+++ Records supplied +++
(* Let $C_n$ be the number of cycles of a permutation chosen uniformly at random from the permutations of $[2n]$ with all cycle lengths even. Then, as $n\to\infty$, $C_n$ is asymptotically normally distributed, with \[ \mathbb{E}(C_n)=\frac12\log n+\left(\frac12\gamma+\log2\right)+O(n^{-1}) \] and \[ \mathbb{V}(C_n)=\frac12\log n+\left(\frac12\gamma+\log2-\frac{\pi^2}{8}\right)+O(n^{-1}). \]
   Context: $\gamma$ denotes the Euler–Mascheroni constant. Asymptotic normality means $(C_n-\mathbb{E}C_n)/\sqrt{\mathbb{V}C_n}$ converges in distribution to a standard normal. *)

theory Defs
  imports "HOL-Probability.Probability" "HOL-Combinatorics.Orbits" "HOL-Library.Landau_Symbols"
begin

definition even_cycle_perms :: "nat \<Rightarrow> (nat \<Rightarrow> nat) set" where
  "even_cycle_perms n = {p. p permutes {..<2*n} \<and> (\<forall>x<2*n. even (card (orbit p x)))}"

text \<open>Number of cycles of a permutation of {0..<2n} (fixed points count as cycles).\<close>
definition num_cycles :: "nat \<Rightarrow> (nat \<Rightarrow> nat) \<Rightarrow> nat" where
  "num_cycles n p = card ((\<lambda>x. orbit p x) ` {..<2*n})"

definition C_dist :: "nat \<Rightarrow> real pmf" where
  "C_dist n = map_pmf (\<lambda>p. real (num_cycles n p)) (pmf_of_set (even_cycle_perms n))"

definition C_mean :: "nat \<Rightarrow> real" where
  "C_mean n = measure_pmf.expectation (C_dist n) (\<lambda>x. x)"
+++
▶ _What you will do_: Set down each entry above again exactly as it reads.

▶ _Solution for this task_:
(* Let $C_n$ be the number of cycles of a permutation chosen uniformly at random from the permutations of $[2n]$ with all cycle lengths even. Then, as $n\to\infty$, $C_n$ is asymptotically normally distributed, with \[ \mathbb{E}(C_n)=\frac12\log n+\left(\frac12\gamma+\log2\right)+O(n^{-1}) \] and \[ \mathbb{V}(C_n)=\frac12\log n+\left(\frac12\gamma+\log2-\frac{\pi^2}{8}\right)+O(n^{-1}). \]
   Context: $\gamma$ denotes the Euler–Mascheroni constant. Asymptotic normality means $(C_n-\mathbb{E}C_n)/\sqrt{\mathbb{V}C_n}$ converges in distribution to a standard normal. *)

theory Defs
  imports "HOL-Probability.Probability" "HOL-Combinatorics.Orbits" "HOL-Library.Landau_Symbols"
begin

definition even_cycle_perms :: "nat \<Rightarrow> (nat \<Rightarrow> nat) set" where
  "even_cycle_perms n = {p. p permutes {..<2*n} \<and> (\<forall>x<2*n. even (card (orbit p x)))}"

text \<open>Number of cycles of a permutation of {0..<2n} (fixed points count as cycles).\<close>
definition num_cycles :: "nat \<Rightarrow> (nat \<Rightarrow> nat) \<Rightarrow> nat" where
  "num_cycles n p = card ((\<lambda>x. orbit p x) ` {..<2*n})"

definition C_dist :: "nat \<Rightarrow> real pmf" where
  "C_dist n = map_pmf (\<lambda>p. real (num_cycles n p)) (pmf_of_set (even_cycle_perms n))"

definition C_mean :: "nat \<Rightarrow> real" where
  "C_mean n = measure_pmf.expectation (C_dist n) (\<lambda>x. x)"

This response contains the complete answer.